Je ne connais pas suffisamment le dossier. Mais le défaut de la Cour pénale internationale, c’est qu’elle traite d’une part pour l’essentiel d’Africains et deuxièmement, d’Africains qui ont perdu. Alors c’est un peu embêtant quand même.
Au Sahel, les pays du G5 [Mauritanie, Mali, Burkina Faso, Niger et Tchad] viennent de créer une force de 5 000 hommes pour repousser les jihadistes et ils ont besoin de financements. Mais avant-hier, mercredi 21 juin, Donald Trump a fait bloquer toute validation formelle de cette force par les Nations unies afin de ne pas être obligé de financer une nouvelle opération de maintien de la paix. Il a eu raison ou tort ?
Il y a eu tort bien sûr. Le problème des forces africaines, c’est essentiellement qu’elles manquent d’argent et d’expertise. Donc il faut les aider aussi par une légitimité onusienne. Et c’est une erreur de la part de Trump pour une raison très simple : c’est que les Africains le feront sans la légitimité du Conseil de sécurité et donc ça se retournera contre le Conseil de sécurité.

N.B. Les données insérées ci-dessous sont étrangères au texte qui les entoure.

(* Let $c$ be a prime of the form $2^r\cdot 3+1$ ($r\ge 1$), and let $a,b>1$ be integers with $a,b,c$ pairwise coprime and $e_c(b)=3$. Suppose positive integers $z,Y,Z$ with $z\le Z$ and $Y\equiv 4\pmod 6$ satisfy $a+b=c^z$ and $a+b^Y=c^Z$. Write $Y=1+3N$ ($N$ odd) and $e=\nu_c(N)$, and let $I(t)=\sum_{j=0}^{N-1}t^{3j}\in\mathbb Z[t]$. Then $e<z$ and there is a positive integer $K$ with $\gcd(K,c)=1$ such that \[ b^2+b+1=K\,c^{z-e},\qquad b(b-1)\,I(b)\,K=c^e(c^{Z-z}-1). \]
   Context: For a positive integer $M$ and an integer $A$ coprime to $M$, $e_M(A)$ denotes the least positive integer $e$ such that $A^e\equiv 1$ or $A^e\equiv -1\pmod M$. $\nu_c$ is the $c$-adic valuation. *)

theory Defs
  imports "HOL-Number_Theory.Number_Theory" "HOL-Computational_Algebra.Polynomial"
begin

definition e_pm :: "int \<Rightarrow> int \<Rightarrow> nat" where
  "e_pm M A = (LEAST e. e > 0 \<and> ([A ^ e = 1] (mod M) \<or> [A ^ e = -1] (mod M)))"

definition I_poly :: "nat \<Rightarrow> int poly" where
  "I_poly N = (\<Sum>j<N. monom 1 (3 * j))"

end

theory Submission imports Defs begin

(* Subtracting a + b = c^z from a + b^Y = c^Z gives
     b (b - 1) (b^2 + b + 1) I(b) = b^Y - b = c^z (c^(Z-z) - 1).
   Since N is odd and e_c(b) = 3, b has order exactly 3 modulo c, so c divides b^2 + b + 1 but
   neither b nor b - 1, nor c^(Z-z) - 1 (the left side is positive, so Z > z). As
   I(b) = sum_{j<N} (b^3)^j with b^3 = 1 (mod c), lifting the exponent gives
   nu_c(I(b)) = nu_c(N) = e. Comparing c-adic valuations yields nu_c(b^2 + b + 1) = z - e > 0,
   and K is the c-free part of b^2 + b + 1. *)

lemma geometric_sum_mult_split:
  fixes x :: "'a::idom"
  shows "(\<Sum>j<m*q. x^j) = (\<Sum>j<m. x^j) * (\<Sum>i<q. (x^m)^i)"
proof (cases "x = 1")
  case True
  then show ?thesis by simp
next
  case False
  have "(x - 1) * (\<Sum>j<m*q. x^j) = (x^m)^q - 1"
    by (simp add: power_diff_1_eq[symmetric] power_mult)
  also have "\<dots> = (x^m - 1) * (\<Sum>i<q. (x^m)^i)"
    by (rule power_diff_1_eq)
  also have "\<dots> = (x - 1) * ((\<Sum>j<m. x^j) * (\<Sum>i<q. (x^m)^i))"
    by (simp add: power_diff_1_eq)
  finally show ?thesis
    using False by simp
qed

lemma power_one_plus_mult_dvd:
  fixes p t :: "'a::comm_ring_1"
  shows "p^2 dvd (1 + t*p)^i - (1 + of_nat i * t * p)"
proof (induction i)
  case 0
  then show ?case by simp
next
  case (Suc i)
  then obtain k where k: "(1 + t*p)^i - (1 + of_nat i * t * p) = p^2 * k"
    by blast
  have "(1 + t*p)^Suc i - (1 + of_nat (Suc i) * t * p) = p^2 * (of_nat i * t^2 + k * (1 + t*p))"
    using k by (simp add: algebra_simps power2_eq_square)
  then show ?case by simp
qed

(* The factor 2 avoids dividing n (n - 1) by 2 in the second order term. *)
lemma geometric_sum_one_plus_mult_dvd:
  fixes p t :: "'a::comm_ring_1"
  shows "p^2 dvd 2 * (\<Sum>i<n. (1 + t*p)^i) - of_nat n * (2 + t * p * (of_nat n - 1))"
proof (induction n)
  case 0
  then show ?case by simp
next
  case (Suc n)
  have split: "2 * (\<Sum>i<Suc n. (1 + t*p)^i) - of_nat (Suc n) * (2 + t * p * (of_nat (Suc n) - 1))
      = (2 * (\<Sum>i<n. (1 + t*p)^i) - of_nat n * (2 + t * p * (of_nat n - 1)))
        + 2 * ((1 + t*p)^n - (1 + of_nat n * t * p))"
    by (simp add: algebra_simps)
  show ?case
    unfolding split by (intro dvd_add Suc dvd_mult power_one_plus_mult_dvd)
qed

lemma geometric_sum_prime_cong:
  fixes p y :: int
  assumes "prime p" "odd p" "[y = 1] (mod p)"
  shows "[(\<Sum>i<nat p. y^i) = p] (mod p^2)"
proof -
  define S where "S = (\<Sum>i<nat p. y^i)"
  obtain t where t: "y = 1 + t*p"
    using assms(3) unfolding cong_iff_dvd_diff
    by (metis dvd_def add.commute diff_add_cancel mult.commute)
  have "p > 1"
    using assms(1) prime_gt_1_int by blast
  then have "p^2 dvd 2 * S - p * (2 + t * p * (p - 1))"
    using geometric_sum_one_plus_mult_dvd[of p t "nat p"] t unfolding S_def by simp
  moreover have "p^2 dvd p * (t * p * (p - 1))"
    by (simp add: power2_eq_square)
  ultimately have "p^2 dvd (2 * S - p * (2 + t * p * (p - 1))) + p * (t * p * (p - 1))"
    by (rule dvd_add)
  then have "p^2 dvd 2 * (S - p)"
    by (simp add: algebra_simps)
  moreover have "coprime (p^2) 2"
    using assms(2) by simp
  ultimately show ?thesis
    unfolding S_def[symmetric] cong_iff_dvd_diff
    using coprime_dvd_mult_right_iff by blast
qed

lemma multiplicity_geometric_sum_prime:
  fixes p y :: int
  assumes "prime p" "odd p" "[y = 1] (mod p)"
  shows "multiplicity p (\<Sum>i<nat p. y^i) = 1"
proof -
  define S where "S = (\<Sum>i<nat p. y^i)"
  have S_cong: "p^2 dvd S - p"
    using geometric_sum_prime_cong[OF assms] unfolding S_def cong_iff_dvd_diff .
  then have "p dvd S - p + p"
    by (intro dvd_add) (auto intro: dvd_trans[of p "p^2"] simp: power2_eq_square)
  then have "p dvd S"
    by simp
  moreover have "\<not> p^2 dvd S"
  proof
    assume "p^2 dvd S"
    then have "p^2 dvd S - (S - p)"
      using S_cong by (rule dvd_diff)
    then have "p^2 \<le> p"
      using assms(1) prime_gt_0_int by (intro zdvd_imp_le) auto
    then show False
      using assms(1) prime_gt_1_int[of p] by (simp add: power2_eq_square)
  qed
  ultimately show ?thesis
    unfolding S_def[symmetric] using multiplicity_eqI[of p 1 S] by (simp add: numeral_2_eq_2)
qed

(* Lifting the exponent: split off one factor p of n and apply the previous lemma to x^(n/p). *)
lemma multiplicity_geometric_sum:
  fixes p x :: int
  assumes "prime p" "odd p" "[x = 1] (mod p)" "x > 0" "n > 0"
  shows "multiplicity p (\<Sum>j<n. x^j) = multiplicity p (int n)"
  using \<open>n > 0\<close>
proof (induction n rule: less_induct)
  case (less n)
  have p_prime_elem: "prime_elem p"
    using assms(1) by (rule prime_imp_prime_elem)
  show ?case
  proof (cases "p dvd int n")
    case False
    have "[(\<Sum>j<n. x^j) = (\<Sum>j<n. 1)] (mod p)"
      by (rule cong_sum) (use cong_pow[OF assms(3)] in simp)
    then have "\<not> p dvd (\<Sum>j<n. x^j)"
      using False cong_dvd_iff by fastforce
    then show ?thesis
      using False by (simp add: not_dvd_imp_multiplicity_0)
  next
    case True
    then obtain m where n_eq: "n = m * nat p"
      using assms(1) prime_gt_0_int[of p]
      by (metis dvd_def mult.commute nat_mult_distrib nat_int order_less_imp_le)
    have "m > 0" "m < n"
      using less.prems n_eq prime_gt_1_int[OF assms(1)] by (auto simp: nat_mult_distrib)
    have "[x^m = 1] (mod p)"
      using cong_pow[OF assms(3), of m] by simp
    then have mult_T: "multiplicity p (\<Sum>i<nat p. (x^m)^i) = 1"
      using assms(1,2) by (rule multiplicity_geometric_sum_prime[rotated 2])
    have "(\<Sum>j<m. x^j) > 0"
      using \<open>m > 0\<close> assms(4) by (intro sum_pos) auto
    then have "multiplicity p (\<Sum>j<n. x^j) = multiplicity p (int m) + 1"
      unfolding n_eq geometric_sum_mult_split using mult_T less.IH[OF \<open>m < n\<close> \<open>m > 0\<close>]
      by (subst prime_elem_multiplicity_mult_distrib[OF p_prime_elem]) auto
    moreover have "multiplicity p (int n) = multiplicity p (int m) + 1"
      using prime_elem_multiplicity_mult_distrib[OF p_prime_elem, of "int m" p] \<open>m > 0\<close>
        multiplicity_self[OF _ prime_elem_not_unit[OF p_prime_elem]] prime_gt_0_int[OF assms(1)]
      by (simp add: n_eq)
    ultimately show ?thesis
      by simp
  qed
qed

lemma poly_I_poly: "poly (I_poly N) x = (\<Sum>j<N. (x^3)^j)"
  unfolding I_poly_def by (simp add: poly_sum poly_monom power_mult)

lemma poly_I_poly_pos:
  fixes x :: int
  assumes "x > 0" "N > 0"
  shows "poly (I_poly N) x > 0"
  unfolding poly_I_poly using assms by (intro sum_pos) auto

lemma multiplicity_poly_I_poly:
  fixes p x :: int
  assumes "prime p" "odd p" "[x^3 = 1] (mod p)" "x > 0" "N > 0"
  shows "multiplicity p (poly (I_poly N) x) = multiplicity p (int N)"
  unfolding poly_I_poly using multiplicity_geometric_sum[OF assms(1-3)] assms(4,5) by simp

lemma power_1_plus_3_mult_minus_self:
  fixes x :: int
  shows "x^(1 + 3*N) - x = x * (x - 1) * (x^2 + x + 1) * poly (I_poly N) x"
proof -
  have "x^(1 + 3*N) - x = x * ((x^3)^N - 1)"
    by (simp add: power_add power_mult right_diff_distrib)
  also have "\<dots> = x * (x^3 - 1) * poly (I_poly N) x"
    by (simp add: poly_I_poly power_diff_1_eq)
  finally show ?thesis
    by (simp add: algebra_simps power2_eq_square power3_eq_cube)
qed

lemma sum_eqs_factorization:
  fixes a b c :: int
  assumes "a + b = c^z" "a + b^(1 + 3*N) = c^Z" "z \<le> Z"
  shows "b * (b - 1) * (b^2 + b + 1) * poly (I_poly N) b = c^z * (c^(Z - z) - 1)"
proof -
  have "c^z * (c^(Z - z) - 1) = b^(1 + 3*N) - b"
    using assms by (simp add: power_add[symmetric] algebra_simps)
  also have "\<dots> = b * (b - 1) * (b^2 + b + 1) * poly (I_poly N) b"
    by (rule power_1_plus_3_mult_minus_self)
  finally show ?thesis ..
qed

lemma cong_power_eq_one_if_sum_eqs:
  fixes a b c :: int
  assumes "a + b = c^z" "a + b^Suc k = c^Z" "z > 0" "Z > 0" "coprime b c"
  shows "[b^k = 1] (mod c)"
proof -
  have "c dvd (a + b^Suc k) - (a + b)"
    using assms(1-4) by (simp add: dvd_power)
  then have "c dvd b * (b^k - 1)"
    by (simp add: right_diff_distrib)
  then show ?thesis
    using assms(5) by (metis coprime_commute coprime_dvd_mult_right_iff cong_iff_dvd_diff)
qed

lemma e_pm_spec:
  assumes "k > 0" "[A^k = 1] (mod M) \<or> [A^k = -1] (mod M)"
  shows "e_pm M A > 0" "[A ^ e_pm M A = 1] (mod M) \<or> [A ^ e_pm M A = -1] (mod M)"
  using LeastI[of "\<lambda>e. e > 0 \<and> ([A^e = 1] (mod M) \<or> [A^e = -1] (mod M))" k] assms
  unfolding e_pm_def by auto

lemma e_pm_minimal:
  assumes "0 < k" "k < e_pm M A"
  shows "\<not> [A^k = 1] (mod M)" "\<not> [A^k = -1] (mod M)"
  using not_less_Least[of k "\<lambda>e. e > 0 \<and> ([A^e = 1] (mod M) \<or> [A^e = -1] (mod M))"] assms
  unfolding e_pm_def by auto

lemma cube_cong_one_if_e_pm_eq_3:
  fixes A M :: int
  assumes "M > 2" "e_pm M A = 3" "odd N" "[A^(3*N) = 1] (mod M)"
  shows "[A^3 = 1] (mod M)"
proof (rule ccontr)
  assume "\<not> [A^3 = 1] (mod M)"
  moreover have "N > 0"
    using assms(3) by (rule odd_pos)
  ultimately have "[A^3 = -1] (mod M)"
    using e_pm_spec[of "3*N" A M] assms(2,4) by simp
  then have "[(A^3)^N = (-1)^N] (mod M)"
    by (rule cong_pow)
  then have "[1 = -1] (mod M)"
    using assms(3,4) by (metis cong_sym cong_trans power_mult neg_one_odd_power)
  then have "M dvd 2"
    by (simp add: cong_iff_dvd_diff)
  then show False
    using assms(1) by (auto dest: zdvd_imp_le)
qed

lemma prime_dvd_cube_root_of_unity:
  fixes p x :: int
  assumes "prime p" "[x^3 = 1] (mod p)" "\<not> [x = 1] (mod p)"
  shows "p dvd x^2 + x + 1"
proof -
  have "x^3 - 1 = (x - 1) * (x^2 + x + 1)"
    by (simp add: algebra_simps power2_eq_square power3_eq_cube)
  then show ?thesis
    using assms by (auto simp: prime_dvd_mult_iff cong_iff_dvd_diff)
qed

lemma primitive_cube_root_of_unity_if_e_pm_eq_3:
  fixes b c :: int
  assumes "prime c" "c > 2" "coprime b c" "e_pm c b = 3" "odd N" "[b^(3*N) = 1] (mod c)"
  shows "[b^3 = 1] (mod c)" "\<not> c dvd b * (b - 1)" "c dvd b^2 + b + 1"
proof -
  show b_cube: "[b^3 = 1] (mod c)"
    using assms(2,4-6) by (rule cube_cong_one_if_e_pm_eq_3)
  have b_not_one: "\<not> [b = 1] (mod c)"
    using e_pm_minimal(1)[of 1 c b] assms(4) by simp
  moreover have "\<not> c dvd b"
    using assms(1,3) by (metis coprime_absorb_right coprime_commute not_prime_unit)
  ultimately show "\<not> c dvd b * (b - 1)"
    using assms(1) by (simp add: prime_dvd_mult_iff cong_iff_dvd_diff)
  show "c dvd b^2 + b + 1"
    using assms(1) b_cube b_not_one by (rule prime_dvd_cube_root_of_unity)
qed

lemma not_dvd_power_minus_one:
  fixes p :: "'a::comm_ring_1"
  assumes "\<not> p dvd 1" "k > 0"
  shows "\<not> p dvd p^k - 1"
proof
  assume "p dvd p^k - 1"
  moreover have "p dvd p^k"
    using assms(2) by (simp add: dvd_power)
  ultimately have "p dvd p^k - (p^k - 1)"
    by (simp only: dvd_diff)
  then show False
    using assms(1) by simp
qed

lemma prime_power_part_of_factor:
  fixes p u S J w :: int
  assumes "prime p" "u * S * J = p^z * w" "\<not> p dvd u" "\<not> p dvd w" "p dvd S" "S > 0" "J \<noteq> 0"
    and "multiplicity p J = e"
  shows "e < z \<and> (\<exists>K > 0. gcd K p = 1 \<and> S = K * p^(z - e) \<and> u * J * K = p^e * w)"
proof -
  have p_prime_elem: "prime_elem p" and p_nonunit: "\<not> is_unit p"
    using assms(1) by (auto simp: prime_imp_prime_elem)
  have "u \<noteq> 0" "w \<noteq> 0"
    using assms(3,4) by auto
  then have "multiplicity p (u * S * J) = multiplicity p S + e"
    using assms(3,6,7,8) by (simp add: prime_elem_multiplicity_mult_distrib[OF p_prime_elem]
        not_dvd_imp_multiplicity_0)
  moreover have "multiplicity p (p^z * w) = z"
    using \<open>w \<noteq> 0\<close> assms(1,4) p_nonunit
    by (simp add: prime_elem_multiplicity_mult_distrib[OF p_prime_elem] not_dvd_imp_multiplicity_0
        multiplicity_prime_power[OF p_prime_elem])
  ultimately have S_mult: "multiplicity p S = z - e" and "e < z"
    using assms(2,5,6) multiplicity_eq_zero_iff[of S p] p_nonunit by auto
  obtain K where K: "S = p^(z - e) * K" "\<not> p dvd K"
    using multiplicity_decompose'[of S p] assms(6) p_nonunit S_mult by auto
  have p_pow_pos: "p^(z - e) > 0"
    using assms(1) prime_gt_0_int by simp
  then have "K > 0"
    using K(1) assms(6) zero_less_mult_pos by blast
  have "p^(z - e) * (u * J * K) = p^(z - e) * (p^e * w)"
    using assms(2) K(1) \<open>e < z\<close>
    by (simp add: power_add[symmetric] algebra_simps)
  then have "u * J * K = p^e * w"
    using p_pow_pos by (metis mult_cancel_left less_irrefl)
  moreover have "gcd K p = 1"
    using prime_imp_coprime[OF assms(1) K(2)] by (simp add: coprime_iff_gcd_eq_1 gcd.commute)
  ultimately show ?thesis
    using \<open>e < z\<close> \<open>K > 0\<close> K(1) by (auto simp: mult.commute)
qed

theorem mainTheorem9:
  fixes a b c :: int and r z Y Z N e :: nat
  assumes "prime c" and "r \<ge> 1" and "c = 2 ^ r * 3 + 1"
    and "a > 1" and "b > 1"
    and "coprime a b" and "coprime a c" and "coprime b c"
    and "e_pm c b = 3"
    and "z > 0" and "Y > 0" and "Z > 0" and "z \<le> Z"
    and "[Y = 4] (mod 6)"
    and "a + b = c ^ z" and "a + b ^ Y = c ^ Z"
    and "Y = 1 + 3 * N" and "odd N"
    and "e = multiplicity c (int N)"
  shows "e < z \<and> (\<exists>K :: int. K > 0 \<and> gcd K c = 1 \<and>
           b ^ 2 + b + 1 = K * c ^ (z - e) \<and>
           b * (b - 1) * poly (I_poly N) b * K = c ^ e * (c ^ (Z - z) - 1))"
proof -
  have "(2::int)^r \<ge> 1"
    by simp
  then have "c > 2" "odd c"
    using assms(2,3) by (linarith, simp)
  have "N > 0"
    using assms(18) by (rule odd_pos)
  have key: "b * (b - 1) * (b^2 + b + 1) * poly (I_poly N) b = c^z * (c^(Z - z) - 1)"
    using assms(15,16,13) unfolding assms(17) by (rule sum_eqs_factorization)
  have "[b^(3*N) = 1] (mod c)"
    using assms(16,17) by (intro cong_power_eq_one_if_sum_eqs[OF assms(15) _ assms(10,12,8)]) simp
  then have b_cube: "[b^3 = 1] (mod c)" and "\<not> c dvd b * (b - 1)" "c dvd b^2 + b + 1"
    using primitive_cube_root_of_unity_if_e_pm_eq_3[OF assms(1) \<open>c > 2\<close> assms(8,9,18)] by auto
  moreover have "b^2 + b + 1 > 0" "poly (I_poly N) b > 0"
    using assms(5) \<open>N > 0\<close> by (simp_all add: add_pos_pos poly_I_poly_pos)
  moreover from this have "z < Z"
    using key assms(5,13) by (auto simp: le_less)
  then have "\<not> c dvd c^(Z - z) - 1"
    using not_dvd_power_minus_one[of c "Z - z"] assms(1) by (auto simp: not_prime_unit)
  moreover have "multiplicity c (poly (I_poly N) b) = e"
    using multiplicity_poly_I_poly[OF assms(1) \<open>odd c\<close> b_cube _ \<open>N > 0\<close>] assms(5,19) by simp
  ultimately show ?thesis
    by (intro prime_power_part_of_factor[OF assms(1) key]) auto
qed

end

Vous écrivez aussi quelques lignes sur l’armée française en Afrique. Et vous dites que « la réintégration de la France dans le commandement militaire de l’Otan, risque de distraire les meilleurs cadres de l’armée française d’un théâtre majeur qui est l’Afrique » ?
Absolument. Quand on regarde les grands cadres de l’armée française, c’était toujours des cadres qui s’étaient exercés sur le terrain africain. Et ils en avaient acquis une épaisseur humaine, une connaissance du terrain, un savoir-faire, qui dépassent largement ce qu’on fait dans les bureaux de l’Otan. Or maintenant, les meilleurs cadres sont attirés par l’Otan, attirés par la pratique de l’anglais, l’ouverture sur le monde, la globalisation, l’âge numérique, toute une problématique qui conduit en fait à une uniformisation de la pensée militaire française qui risque d’être dramatique dans les prochaines années.
A vous écouter, on a l’impression que pour vous, l’exception française c’est plus l’armée française que les valeurs françaises ?
Je crois que l’ancrage à l’Afrique est un des éléments très importants de l’exception française et qu’il faut le préserver à tout prix.